無知は罪なり


 研究室によってスタイルは異なりますが、学術雑誌に掲載されている論文を紹介する機会があります。

 ある学生の論文紹介をする順番が回ってきた。数日前から作成したレジュメには構造式が書いてあり、それを用いて説明した。また、先生や学生たちもそれを見ながら説明を聞いていた。「ここに書いてありますように金属に一酸化炭素と水素が配位して、金属上にホルミル基(アルデヒド基)が形成されます。このことは重水素を使った実験でも確認されていまして、重水素化されたホルミル基が生成します。」その時、学生だけでなく、先生までも学生の説明に付いていけなくなった。反応機構がすぐには思いつかないのである。学生同士あるいは学生と先生の間で侃侃諤諤の議論が行なわれたが、結論は得られなかった。
 その時、先生が「レジュメだけやったら分からへんから、元の論文を見せて」と学生に言った。
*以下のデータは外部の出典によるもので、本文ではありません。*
lemma mzero_apply [simp]: "mzero i j = 0"
  by (simp add: mzero_def)

lemma mmul_assoc: "mmul (mmul A B) C = mmul A (mmul B C)"
proof (intro ext)
  fix i j
  have "mmul (mmul A B) C i j = (\<Sum>k\<in>UNIV. \<Sum>l\<in>UNIV. A i l * B l k * C k j)"
    by (simp add: mmul_def sum_distrib_right)
  also have "\<dots> = (\<Sum>l\<in>UNIV. \<Sum>k\<in>UNIV. A i l * B l k * C k j)"
    by (rule sum.swap)
  also have "\<dots> = mmul A (mmul B C) i j"
    by (simp add: mmul_def sum_distrib_left mult.assoc)
  finally show "mmul (mmul A B) C i j = mmul A (mmul B C) i j" .
qed

lemma mmul_madd_left: "mmul (madd A B) C = madd (mmul A C) (mmul B C)"
  by (simp add: mmul_def madd_def distrib_right sum.distrib)

lemma mmul_madd_right: "mmul C (madd A B) = madd (mmul C A) (mmul C B)"
  by (simp add: mmul_def madd_def distrib_left sum.distrib)

lemma mmul_msmult_left: "mmul (msmult c A) B = msmult c (mmul A B)"
  by (simp add: mmul_def msmult_def sum_distrib_left mult.assoc)

lemma mmul_msmult_right: "mmul A (msmult c B) = msmult c (mmul A B)"
  by (simp add: mmul_def msmult_def sum_distrib_left mult.left_commute)

lemma mmul_mzero_left [simp]: "mmul mzero A = mzero"
  by (simp add: mmul_def mzero_def)

lemmas mmul_simps = mmul_assoc mmul_madd_left mmul_madd_right mmul_msmult_left mmul_msmult_right

lemma mmul_diag_left: "mmul (\<lambda>u v. if u = v then f u else 0) M = (\<lambda>i j. f i * M i j)"
proof (intro ext)
  fix i j
  have "mmul (\<lambda>u v. if u = v then f u else 0) M i j = (\<Sum>k\<in>UNIV. if k = i then f i * M i j else 0)"
    unfolding mmul_def by (intro sum.cong) auto
  then show "mmul (\<lambda>u v. if u = v then f u else 0) M i j = f i * M i j"
    by simp
qed

lemma mmul_diag_right: "mmul M (\<lambda>u v. if u = v then f u else 0) = (\<lambda>i j. M i j * f j)"
proof (intro ext)
  fix i j
  have "mmul M (\<lambda>u v. if u = v then f u else 0) i j = (\<Sum>k\<in>UNIV. if k = j then M i j * f j else 0)"
    unfolding mmul_def by (intro sum.cong) auto
  then show "mmul M (\<lambda>u v. if u = v then f u else 0) i j = M i j * f j"
    by simp
qed

lemma mmul_mone_left [simp]: "mmul mone A = A"
  unfolding mone_def mmul_diag_left by simp

lemma mmul_mone_right [simp]: "mmul A mone = A"
  unfolding mone_def mmul_diag_right by simp

abbreviation mdiff :: "('x, 'f::field) sqm \<Rightarrow> ('x, 'f) sqm \<Rightarrow> ('x, 'f) sqm" where
  "mdiff M N \<equiv> madd M (msmult (-1) N)"

section \<open>Left ideals and the Jacobson radical\<close>

lemma left_idealD:
  assumes "left_ideal A L"
  shows left_ideal_subset: "L \<subseteq> A"
    and left_ideal_mzero: "mzero \<in> L"
    and left_ideal_madd: "M \<in> L \<Longrightarrow> N \<in> L \<Longrightarrow> madd M N \<in> L"
    and left_ideal_msmult: "M \<in> L \<Longrightarrow> msmult c M \<in> L"
    and left_ideal_mmul: "N \<in> A \<Longrightarrow> M \<in> L \<Longrightarrow> mmul N M \<in> L"
  using assms unfolding left_ideal_def by blast+

lemma maximal_left_idealD:
  assumes "maximal_left_ideal A L"
  shows "left_ideal A L" and "L \<noteq> A"
    and "left_ideal A L' \<Longrightarrow> L \<subseteq> L' \<Longrightarrow> L' \<noteq> A \<Longrightarrow> L' = L"
  using assms unfolding maximal_left_ideal_def by blast+

definition left_quasi_regular :: "('x::finite, 'f::field) sqm set \<Rightarrow> ('x, 'f) sqm \<Rightarrow> ('x, 'f) sqm \<Rightarrow> bool" where
  "left_quasi_regular A u y \<longleftrightarrow> (\<exists>c\<in>A. mmul c (mdiff u y) = u)"

definition quasi_regular_radical :: "('x::finite, 'f::field) sqm set \<Rightarrow> ('x, 'f) sqm \<Rightarrow> ('x, 'f) sqm set" where
  "quasi_regular_radical A u = {a \<in> A. \<forall>b\<in>A. left_quasi_regular A u (mmul b a)}"

text \<open>The unit \<open>u\<close> is kept abstract because a corner \<open>e A e\<close> has unit \<open>e\<close>, not \<open>mone\<close>.\<close>

locale matrix_algebra =
  fixes A :: "('x::finite, 'f::field) sqm set" and u :: "('x, 'f) sqm"
  assumes unit_mem: "u \<in> A"
    and madd_closed: "M \<in> A \<Longrightarrow> N \<in> A \<Longrightarrow> madd M N \<in> A"
    and msmult_closed: "M \<in> A \<Longrightarrow> msmult c M \<in> A"
    and mmul_closed: "M \<in> A \<Longrightarrow> N \<in> A \<Longrightarrow> mmul M N \<in> A"
    and unit_left: "M \<in> A \<Longrightarrow> mmul u M = M"
    and unit_right: "M \<in> A \<Longrightarrow> mmul M u = M"
begin

lemma mzero_mem: "mzero \<in> A"
proof -
  have "msmult 0 u = mzero"
    by (simp add: fun_eq_iff)
  then show ?thesis
    using msmult_closed[OF unit_mem, of 0] by simp
qed

lemma mdiff_closed: "M \<in> A \<Longrightarrow> N \<in> A \<Longrightarrow> mdiff M N \<in> A"
  by (simp add: madd_closed msmult_closed)

lemma left_ideal_eq_if_unit_mem:
  assumes "left_ideal A L" and "u \<in> L"
  shows "L = A"
  using assms left_ideal_mmul[OF assms(1) _ assms(2)] unit_right left_ideal_subset
  by fastforce

lemma unit_not_mem_maximal_left_ideal: "maximal_left_ideal A L \<Longrightarrow> u \<notin> L"
  using left_ideal_eq_if_unit_mem maximal_left_idealD by blast

lemma left_ideal_principal:
  assumes "y \<in> A"
  shows "left_ideal A {mmul c y | c. c \<in> A}"
  unfolding left_ideal_def
proof (intro conjI ballI allI)
  show "{mmul c y | c. c \<in> A} \<subseteq> A"
    using assms mmul_closed by blast
  have "mzero = mmul mzero y"
    by simp
  then show "mzero \<in> {mmul c y | c. c \<in> A}"
    using mzero_mem by blast
next
  fix M N assume "M \<in> {mmul c y | c. c \<in> A}" "N \<in> {mmul c y | c. c \<in> A}"
  then show "madd M N \<in> {mmul c y | c. c \<in> A}"
    by (auto simp: mmul_madd_left[symmetric] intro: madd_closed)
next
  fix k M assume "M \<in> {mmul c y | c. c \<in> A}"
  then show "msmult k M \<in> {mmul c y | c. c \<in> A}"
    by (auto simp: mmul_msmult_left[symmetric] intro: msmult_closed)
next
  fix N M assume "N \<in> A" "M \<in> {mmul c y | c. c \<in> A}"
  then show "mmul N M \<in> {mmul c y | c. c \<in> A}"
    by (auto simp: mmul_assoc[symmetric] intro: mmul_closed)
qed

lemma left_ideal_extend:
  assumes L: "left_ideal A L" and "a \<in> A"
  shows "left_ideal A {madd l (mmul b a) | l b. l \<in> L \<and> b \<in> A}" (is "left_ideal A ?L")
  unfolding left_ideal_def
proof (intro conjI ballI allI)
  show "?L \<subseteq> A"
    using left_ideal_subset[OF L] \<open>a \<in> A\<close> by (auto intro: madd_closed mmul_closed)
  have "mzero = madd mzero (mmul mzero a)"
    by (simp add: fun_eq_iff)
  then show "mzero \<in> ?L"
    using left_ideal_mzero[OF L] mzero_mem by blast
next
  fix M N assume "M \<in> ?L" "N \<in> ?L"
  then obtain l1 b1 l2 b2 where "l1 \<in> L" "b1 \<in> A" "l2 \<in> L" "b2 \<in> A"
    and "M = madd l1 (mmul b1 a)" "N = madd l2 (mmul b2 a)" by blast
  moreover have "madd (madd l1 (mmul b1 a)) (madd l2 (mmul b2 a))
      = madd (madd l1 l2) (mmul (madd b1 b2) a)"
    by (simp add: mmul_madd_left fun_eq_iff algebra_simps)
  ultimately show "madd M N \<in> ?L"
    using left_ideal_madd[OF L] madd_closed by blast
next
  fix k M assume "M \<in> ?L"
  then obtain l b where "l \<in> L" "b \<in> A" "M = madd l (mmul b a)" by blast
  moreover have "msmult k (madd l (mmul b a)) = madd (msmult k l) (mmul (msmult k b) a)"
    by (simp add: mmul_msmult_left fun_eq_iff algebra_simps)
  ultimately show "msmult k M \<in> ?L"
    using left_ideal_msmult[OF L] msmult_closed by blast
next
  fix N M assume "N \<in> A" "M \<in> ?L"
  then obtain l b where "l \<in> L" "b \<in> A" "M = madd l (mmul b a)" by blast
  moreover have "mmul N (madd l (mmul b a)) = madd (mmul N l) (mmul (mmul N b) a)"
    by (simp add: mmul_madd_right mmul_assoc)
  ultimately show "mmul N M \<in> ?L"
    using left_ideal_mmul[OF L] mmul_closed \<open>N \<in> A\<close> by blast
qed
渡された論文の図を見ると、確かに金属の上にCODという文字が書いてあった。先生は「これはホルミル基やなくてシクロオクタジエンという配位子のことや!」という言葉を残して部屋を出て行った。間違えた内容で論文紹介を続ける訳にもいかず、研究室の他のメンバーも無言で部屋を出て行ったのであった。

研究室の先生や学生を集めて行なう場合、それだけみんなの時間を使わせてもらっています。その分、しっかりとした準備をしなければなりません。調べることはもちろん、分からなければ周りの人に質問するべきでしょうね。